Monday, December 05, 2011

Alcoholics Anonymous History - Recovery's Reliance on God


Recovery’s Reliance on God: Alcoholics Anonymous History



The Connections and Their Applicability



Dick B. and Ken B.

© 2011 Anonymous. All rights reserved



The Chain of Connections from Bible to 12 Step Fellowships



  • God’s love, power, and healings are a great part of the Bible story.



In the Old Testament, God said He was “the LORD that healeth thee.” Ex. 15:26.

The children of Israel were to bless Him and not forget His benefits – which included forgiveness of all sins, healing all diseases, and redeeming lives from destruction as well as showering them with loving kindness and tender mercies.

Psalm 103.



  • The miracles continued as God’s Son Jesus Christ healed all manner of sickness and all manner of disease.
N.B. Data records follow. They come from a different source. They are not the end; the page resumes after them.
theorem corollary3:
  fixes P :: "'w measure"
    and M :: nat and alpha Rth eps t lSR lRD :: real
    and xtSR ptSR xrSR prSR xtRD ptRD xrRD prRD :: real
    and XSR XRD :: "nat \<Rightarrow> 'w \<Rightarrow> real"
  assumes "prob_space P"
    and "M \<ge> 1" and "0 < alpha" and "alpha < 1" and "Rth > 0"
    and eps_def: "eps = 2 powr (2 * Rth / (1 - alpha)) - 1"
    and "xtSR > 0" and "xrSR > 0" and "xtRD > 0" and "xrRD > 0"
    and "p_coef xtSR ptSR xrSR prSR - eps * q_coef xtSR ptSR xrSR prSR > 0"
    and "p_coef xtRD ptRD xrRD prRD - eps * q_coef xtRD ptRD xrRD prRD > 0"
    and "lSR > 0" and "lRD > 0" and "t > 0"
    and indep: "prob_space.indep_vars P (\<lambda>_. borel)
                 (\<lambda>i. case i of Inl m \<Rightarrow> XSR m | Inr m \<Rightarrow> XRD m) ({1..M} <+> {1..M})"
    and dSR: "\<And>m. m \<in> {1..M} \<Longrightarrow> distributed P lborel (XSR m) (exponential_density lSR)"
    and dRD: "\<And>m. m \<in> {1..M} \<Longrightarrow> distributed P lborel (XRD m) (exponential_density lRD)"
  shows
   "(let pSR = p_coef xtSR ptSR xrSR prSR; qSR = q_coef xtSR ptSR xrSR prSR;
         pRD = p_coef xtRD ptRD xrRD prRD; qRD = q_coef xtRD ptRD xrRD prRD;
         CSR = (\<lambda>m w. cap_inf alpha pSR qSR t (XSR m w));
         CRD = (\<lambda>m w. cap_inf alpha pRD qRD t (XRD m w));
         H3 = eps * t * (pSR + qSR) / (pSR - eps * qSR);
         H4 = eps * t * (pRD + qRD) / (pRD - eps * qRD)
     in measure P {w \<in> space P. min (CSR (sel CSR M w) w) (CRD (sel CSR M w) w) < Rth}
        = 1 - (1 - (1 - exp (- lSR * H3)) ^ M) * exp (- lRD * H4))"
proof -
  interpret prob_space P by fact
  define pSR where "pSR = p_coef xtSR ptSR xrSR prSR"
  define qSR where "qSR = q_coef xtSR ptSR xrSR prSR"
  define pRD where "pRD = p_coef xtRD ptRD xrRD prRD"
  define qRD where "qRD = q_coef xtRD ptRD xrRD prRD"
  define H3 where "H3 = eps * t * (pSR + qSR) / (pSR - eps * qSR)"
  define H4 where "H4 = eps * t * (pRD + qRD) / (pRD - eps * qRD)"
  have thrSR: "cap_inf alpha pSR qSR t x < Rth \<longleftrightarrow> x < H3" if "0 \<le> x" for x
    unfolding H3_def using assms(4-6,11,15) that
    by (intro cap_inf_less_iff) (auto simp: pSR_def qSR_def q_coef_def)
  have thrRD: "cap_inf alpha pRD qRD t x < Rth \<longleftrightarrow> x < H4" if "0 \<le> x" for x
    unfolding H4_def using assms(4-6,12,15) that
    by (intro cap_inf_less_iff) (auto simp: pRD_def qRD_def q_coef_def)
  have "0 \<le> H3" "0 \<le> H4"
    using thrSR[of 0] thrRD[of 0] \<open>Rth > 0\<close> by (simp_all add: cap_inf_def)
  show ?thesis
    unfolding Let_def pSR_def[symmetric] qSR_def[symmetric] pRD_def[symmetric] qRD_def[symmetric]
      H3_def[symmetric] H4_def[symmetric]
    by (rule selection_outage_prob[OF indep \<open>M \<ge> 1\<close> dSR dRD \<open>lSR > 0\<close> \<open>lRD > 0\<close>
          \<open>0 \<le> H3\<close> \<open>0 \<le> H4\<close> borel_measurable_cap_inf borel_measurable_cap_inf thrSR thrRD])
qed

end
Matthew 4:23



The Apostle Peter told: Acts 10:38 (KJV):
How God anointed Jesus of Nazareth with the Holy Ghost and with power: who went about doing good, and healing all that were oppressed of the devil; for God was with him.



  • The Apostles, in the First Century, raised the dead and healed the sick. Thus Peter raised Tabitha from the dead. Acts 9:36-42, Most likely, Paul raised Eutychus from the dead. Acts 20:7-12. And the Apostles Peter and John healed a man who was lame from his mother’s womb. Acts 3:1-6. 4:5-22.



  • The so-called “Age of Miracles” never ceased. Miraculous healings continue from the First Century to this very day.



  • The period of Bill W.’s and Dr. Bob’s upbringing was peppered with instances of

drunks healed by the power of God. These occurred through conversions, evangelists, Christian organizations, and later in A.A.’s associated precursor—the Oxford Group.



  • The chain of recovery connections that impacted on early Alcoholics Anonymous ideas of healing and cure stemmed from these primary factors:



The Gospel Rescue Missions: In 1826, Glasgow City Mission was established as an interdenominational lay movement. In October, 1872, Jerry McAuley took possession of the Water Street House. Shortly thereafter, the mission named “Helping Hand for Men” was opened at 316 Water Street , New York, New York. The “Water Street Mission” was later supervised by S.H. Hadley, and McAuley opened the Cremone Mission. In September 25, 1897, the Raws family arrived at Keswick and founded the Keswick Colony of Mercy as a spiritual restoration center for men who had become addicted to alcohol. Later, on February 1, 1926, the Rev. Sam Shoemaker, Rector of Calvary Episcopal Church in New York, decided he would reopen the Gallery Mission at the Twenty-third Street Mission Building. Shoemaker put Henry Hadley II in charge of it, and called it the Calvary Mission.There, in 1934, Bill Wilson and (before him) Bill’s sponsor Ebby Thacher became born again Christians at the altar and were relieved of their alcoholism. Thousands upon thousands of derelicts, criminals, and drunks poured through these missions prior to A.A.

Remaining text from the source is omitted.